Однако ни вода наговорная, ни сами заговоры бабки Дарьи, ни трава богородская, которую клали в зыбку, к ногам, чтобы отпугнуть порчу, не помогли, жар не спадал, и Настенька так и сгорела в три дня, будто свечка истаяла, а на четвертый совсем затихла, дыханье оборвалось – и душа ее безгреховная унеслась в райскую небыль.
Потрясение было столь велико – не сравнишь ни с каким ураганом, а душевная боль так остра и мучительна, что всякие слова утешений казались пустыми и ненужными, бессильными хоть как-то унять, смягчить эту боль.
Настеньку нарядили, что куколку, собрали в дорогу, положив на дно маленького гробика, под белую холстину, свежих сосновых стружек, подушечку той же пахучею стружкой набили, чтобы доченьке мягче спалось, и поехали в Кособоково, где отец Кузьма отпел малютку – и похоронили ее в церковной ограде, на веселом пригорке, решив, что здесь ей будет уютнее, могилка всегда на виду.
Вернулись на пристань, вошли в дом – а там пусто. Зыбку снять забыли – висит одинокая. И рухнула Пелагея в кровать, зайдясь в рыданиях. Парашка бросилась было утешать, но бабка Дарья остановила: «Не трожь, нехай выплачется».

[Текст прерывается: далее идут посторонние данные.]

theorem lemma2p1:
  fixes g :: "complex \<Rightarrow> complex" and \<epsilon>0 :: real and k :: nat
  assumes "smooth_on_set (cball 0 1) g"
    and "g analytic_on ball 0 1"
    and "\<forall>z\<in>cball 0 1. norm (g z) > 0"
    and "\<epsilon>0 > 0" and "k > 0"
  shows "\<exists>(M::nat) (\<alpha>0::complex) (\<alpha>::nat \<Rightarrow> complex) (N::nat \<Rightarrow> nat). M > 0 \<and>
           (\<forall>i\<in>{1..M}. norm (\<alpha> i) > 1 \<and> N i \<ge> 1) \<and>
           Ck_norm k (cball 0 1) (\<lambda>z. g z - \<alpha>0 * (\<Prod>i=1..M. (z - \<alpha> i) ^ (2 * N i))) < \<epsilon>0"
proof -
  define \<delta> where "\<delta> = \<epsilon>0 / (card {(a, b). a + b \<le> k} + 1)"
  have \<delta>: "\<delta> > 0" and "card {(a, b). a + b \<le> k} * \<delta> < \<epsilon>0"
    using assms(4) by (simp_all add: \<delta>_def field_simps)
  have holg: "g holomorphic_on ball 0 1"
    using assms(2) by (rule analytic_imp_holomorphic)
  have nonzero: "g z \<noteq> 0" if "z \<in> ball 0 1" for z
    using assms(3) that by fastforce
  obtain q where q: "degree q \<ge> 1" "\<forall>z\<in>cball 0 1. poly q z \<noteq> 0"
    and approx: "\<forall>n\<le>k. \<forall>z\<in>ball 0 1.
        norm ((deriv ^^ n) g z - (deriv ^^ n) (\<lambda>w. poly q w ^ 2) z) \<le> \<delta>"
    using poly_square_approx_higher_deriv_disc[OF assms(1) holg nonzero \<delta>] by blast
  obtain M :: nat and \<alpha>0 \<alpha> and N :: "nat \<Rightarrow> nat"
    where factors: "M > 0" "\<forall>i\<in>{1..M}. norm (\<alpha> i) > 1 \<and> N i \<ge> 1"
    and q_square: "\<forall>z. poly q z ^ 2 = \<alpha>0 * (\<Prod>i=1..M. (z - \<alpha> i) ^ (2 * N i))"
    using poly_power_eq_prod_roots_outside_disc[OF q, of 2] by blast
  have "(\<lambda>w. poly q w ^ 2) holomorphic_on UNIV"
    using poly_holomorphic_on[OF holomorphic_on_id, of q UNIV] by (intro holomorphic_on_power) simp
  then have "Ck_norm k (cball 0 1) (\<lambda>z. g z - poly q z ^ 2) \<le> card {(a, b). a + b \<le> k} * \<delta>"
    using approx by (intro Ck_norm_disc_diff_le[OF assms(1) holg]) auto
  also have "\<dots> < \<epsilon>0"
    by fact
  finally show ?thesis
    using factors q_square by (intro exI[of _ M] exI[of _ \<alpha>0] exI[of _ \<alpha>] exI[of _ N]) simp
qed

end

И подумалось Ползунову тогда: все сызнова придется начинать. Но можно ли повторить то, что ушло невозвратно? И еще подумалось, что нынче-то, как никогда, был бы уместен указ Канцелярии о переводе его, шихтмейстера Ползунова, на Колыванский завод. Но указа все не было. Да и будет ли скоро – сомнение закрадывалось: небось, упрямый саксонец опять передумал, у него же семь пятниц на неделе… Оставаться же здесь, на пристани, далее не хотелось, не моглось – клятое место вышло для них: то пожар, дочиста все спаливший, то ураган… вот и двоих деточек, одного за другим, унесло… Нет, нет, нельзя здесь оставаться! – разжигал себя Ползунов, надеясь, что с переездом в Колывань, на новое место, по-новому и жизнь пойдет.
Позже, когда горе немного смягчилось и утишилось, он и с женой об этом поговорил: надо, надо уезжать! Пелагея слушала, опустив голову, будто пряча сухие, выплаканные глаза. И тихо, но твердо, с какой-то печальной смиренностью возразила:
– Ох, любый мой, разве от себя убежишь? Бог все видит. Бог нас и наказывает.
– Да за что? – вырвалось у него несогласие. – Чем же мы провинились?
– Выходит, что провинились, – еще тише и тверже сказала Пелагея. – Живем вот невенчанные, – напомнила. – Разве то не грех?
И примолк Ползунов, не находя никаких оправданий, смотрел на жену виновато:
– Повенчаемся, Пелагеша. Негоже так, знаю. Вот освобожусь немного, поеду венчальную грамоту добывать.
– Где ж ты ее добудешь, венчальную-то грамоту?
– Добуду, – повторил он без колебаний, не вдаваясь, однако, в подробности, коих и сам еще толком не знал. И мучился поздним раскаянием, укоряя себя за то, что не смог раньше (за три-то года не удосужился) сделать все, как полагается.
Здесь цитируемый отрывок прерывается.